◆ **TRY IT**: Copy out the lines of the records below, and only those lines, from the one with "x + (real j + 1 +" through the one with "define a where", exactly as they appear.

◆ **RECORDS PROVIDED**:
*** Begin section ***

lemma second_diff_le_increment:
  assumes H: "second_diff_le F \<tau> W" and \<tau>: "0 \<le> \<tau>" and x: "0 \<le> x"
    and j: "x + (real j + 1) * \<tau> \<le> 1"
  shows "\<bar>F (x + (real j + 1) * \<tau>) - F (x + real j * \<tau>) - (F (x + \<tau>) - F x)\<bar> \<le> real j * W"
  using j
proof (induction j)
  case (Suc j)
  have "\<bar>F (x + real j * \<tau>) - 2 * F (x + (real j + 1) * \<tau>) + F (x + (real j + 2) * \<tau>)\<bar> \<le> W"
    using second_diff_leD[OF H, of "x + (real j + 1) * \<tau>" \<tau>] Suc.prems x \<tau>
    by (simp add: algebra_simps)
  moreover have "\<bar>F (x + (real j + 1) * \<tau>) - F (x + real j * \<tau>) - (F (x + \<tau>) - F x)\<bar> \<le> real j * W"
    using Suc \<tau> by (simp add: algebra_simps)
  ultimately show ?case
    by (simp add: algebra_simps)
qed simp

lemma second_diff_le_nodes:
  assumes H: "second_diff_le F \<tau> W" and \<tau>: "0 \<le> \<tau>" and x: "0 \<le> x"
    and j: "x + real j * \<tau> \<le> 1"
  shows "\<bar>F (x + real j * \<tau>) - F x - real j * (F (x + \<tau>) - F x)\<bar> \<le> real j * (real j - 1) / 2 * W"
  using j
proof (induction j)
  case (Suc j)
  define E where "E = F (x + real j * \<tau>) - F x - real j * (F (x + \<tau>) - F x)"
  define I where "I = F (x + (real j + 1) * \<tau>) - F (x + real j * \<tau>) - (F (x + \<tau>) - F x)"
  have "\<bar>E\<bar> \<le> real j * (real j - 1) / 2 * W"
    using Suc \<tau> by (simp add: E_def algebra_simps)
  moreover have "\<bar>I\<bar> \<le> real j * W"
    using second_diff_le_increment[OF H \<tau> x, of j] Suc.prems by (simp add: I_def add.commute)
  ultimately have "\<bar>E + I\<bar> \<le> real j * (real j - 1) / 2 * W + real j * W"
    by (meson abs_triangle_ineq add_mono order_trans)
  also have "\<dots> = real (Suc j) * (real (Suc j) - 1) / 2 * W"
    by (simp add: field_simps)
  also have "E + I = F (x + real (Suc j) * \<tau>) - F x - real (Suc j) * (F (x + \<tau>) - F x)"
    by (simp add: E_def I_def algebra_simps)
  finally show ?case .
qed simp

lemma second_diff_le_past_node:
  assumes H: "second_diff_le F \<tau> W" and F: "continuous_on {0..1} F" and \<tau>: "0 < \<tau>"
    and x: "0 \<le> x" and \<rho>: "0 \<le> \<rho>" "\<rho> \<le> 1" and t: "t = x + (real j + 1 + \<rho>) * \<tau>" "t \<le> 1"
  shows "\<bar>F t - F x - (real j + 1 + \<rho>) * (F (x + \<tau>) - F x)\<bar> \<le> W * (1 + (real j + 1 + \<rho>)\<^sup>2 / 2)"
proof -
  define D where "D = F (x + \<tau>) - F x"
  define a where "a = x + real j * \<tau>"
  define c where "c = x + (real j + 1) * \<tau>"
  have W: "0 \<le> W"
    using second_diff_le_nonneg[OF H] \<tau> by simp
  have ca: "c - a = \<tau>" and tc: "t - c = \<rho> * \<tau>" and ta: "t - a = \<tau> * (1 + \<rho>)"
    using t by (simp_all add: a_def c_def algebra_simps)
  have "0 \<le> \<rho> * \<tau>"
    using \<rho> \<tau> by simp
  then have ct: "c \<le> t"
    using tc by linarith
  have "\<bar>(t - a) * F c - (t - c) * F a - (c - a) * F t\<bar> \<le> (t - a) * W"
    using \<tau> \<rho> x t ca ta ct by (intro second_diff_le_chord[OF H F]) (simp_all add: a_def)
  moreover have "(t - a) * F c - (t - c) * F a - (c - a) * F t = \<tau> * ((1 + \<rho>) * F c - \<rho> * F a - F t)"
    unfolding ta tc ca by (simp add: algebra_simps)
  ultimately have chord: "\<bar>(1 + \<rho>) * F c - \<rho> * F a - F t\<bar> \<le> (1 + \<rho>) * W"
    using \<tau> by (simp add: ta abs_mult mult.assoc)
  have "c \<le> 1"
    using ct t by linarith
  then have c1: "x + (real j + 1) * \<tau> \<le> 1"
    by (simp add: c_def)
  have nodes: "\<bar>F c - F x - (real j + 1) * D\<bar> \<le> (real j + 1) * real j / 2 * W"
    using second_diff_le_nodes[OF H _ x, of "Suc j"] \<tau> c1
    by (simp add: c_def D_def add.commute)
  have "\<bar>F c - F a - D\<bar> \<le> real j * W"
    using second_diff_le_increment[OF H _ x c1] \<tau>
    by (simp add: a_def c_def D_def)
  then have incr: "\<bar>\<rho> * (F c - F a - D)\<bar> \<le> \<rho> * (real j * W)"
    using \<rho> by (simp add: abs_mult mult_left_mono)
  have "F t - F x - (real j + 1 + \<rho>) * D = (F c - F x - (real j + 1) * D) + \<rho> * (F c - F a - D)
      - ((1 + \<rho>) * F c - \<rho> * F a - F t)"
    by (simp add: algebra_simps)
  then have "\<bar>F t - F x - (real j + 1 + \<rho>) * D\<bar>
      \<le> (real j + 1) * real j / 2 * W + \<rho> * (real j * W) + (1 + \<rho>) * W"
    using nodes incr chord by arith
  also have "\<dots> = W * (1 + (real j + 1 + \<rho>)\<^sup>2 / 2 - (real j + 1 + \<rho>\<^sup>2) / 2)"
    by (simp add: power2_eq_square field_simps)
  also have "\<dots> \<le> W * (1 + (real j + 1 + \<rho>)\<^sup>2 / 2)"
    using W by (intro mult_left_mono) auto
  finally show ?thesis
    by (simp add: D_def)
qed

text \<open>Write \<open>t = x + (q + \<rho>) \<tau>\<close> with \<open>q\<close> integral and \<open>0 \<le> \<rho> < 1\<close>: telescope over the nodes
  \<open>x + j \<tau>\<close> and use a chord of width at most \<open>2 \<tau>\<close> for the remaining fraction.\<close>
lemma second_diff_le_forward:
  assumes H: "second_diff_le F \<tau> W" and F: "continuous_on {0..1} F" and \<tau>: "0 < \<tau>"
    and x: "0 \<le> x" "x + \<tau> \<le> 1" and t: "x \<le> t" "t \<le> 1"
  shows "\<bar>F t - F x - (t - x) / \<tau> * (F (x + \<tau>) - F x)\<bar> \<le> W * (1 + ((t - x) / \<tau>)\<^sup>2 / 2)"
proof -
  define s where "s = (t - x) / \<tau>"
  define q where "q = nat \<lfloor>s\<rfloor>"
  define \<rho> where "\<rho> = s - real q"
  have "0 \<le> s"
    using t \<tau> by (simp add: s_def)
  then have \<rho>: "0 \<le> \<rho>" "\<rho> < 1"
    unfolding \<rho>_def q_def by linarith+
  have t_eq: "t = x + (real q + \<rho>) * \<tau>"
    using \<tau> by (simp add: \<rho>_def s_def)
  show ?thesis
  proof (cases q)
    case 0
    have "\<bar>\<tau> * F t - (x + \<tau> - t) * F x - (t - x) * F (x + \<tau>)\<bar> \<le> \<tau> * W"
      using second_diff_le_chord[OF H F, of x t "x + \<tau>"] x t t_eq 0 \<rho> \<tau> by simp
    moreover have "\<tau> * F t - (x + \<tau> - t) * F x - (t - x) * F (x + \<tau>)
        = \<tau> * (F t - F x - (t - x) / \<tau> * (F (x + \<tau>) - F x))"
      using \<tau> by (simp add: field_simps)
    ultimately have "\<bar>F t - F x - (t - x) / \<tau> * (F (x + \<tau>) - F x)\<bar> \<le> W"
      using \<tau> by (simp add: abs_mult)
    moreover have "W * 1 \<le> W * (1 + ((t - x) / \<tau>)\<^sup>2 / 2)"
      using second_diff_le_nonneg[OF H] \<tau> by (intro mult_left_mono) auto
    ultimately show ?thesis
      by simp
  next
    case (Suc j)
    then have "s = real j + 1 + \<rho>"
      by (simp add: \<rho>_def)
    then show ?thesis
      using second_diff_le_past_node[OF H F \<tau> x(1) \<rho>(1) _ _ t(2), of j] \<rho> t_eq Suc
      by (simp add: s_def add.commute)
  qed
qed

*** End section ***

◆ **RESPONSE BOX**:
    and x: "0 \<le> x" and \<rho>: "0 \<le> \<rho>" "\<rho> \<le> 1" and t: "t = x + (real j + 1 + \<rho>) * \<tau>" "t \<le> 1"
  shows "\<bar>F t - F x - (real j + 1 + \<rho>) * (F (x + \<tau>) - F x)\<bar> \<le> W * (1 + (real j + 1 + \<rho>)\<^sup>2 / 2)"
proof -
  define D where "D = F (x + \<tau>) - F x"
  define a where "a = x + real j * \<tau>"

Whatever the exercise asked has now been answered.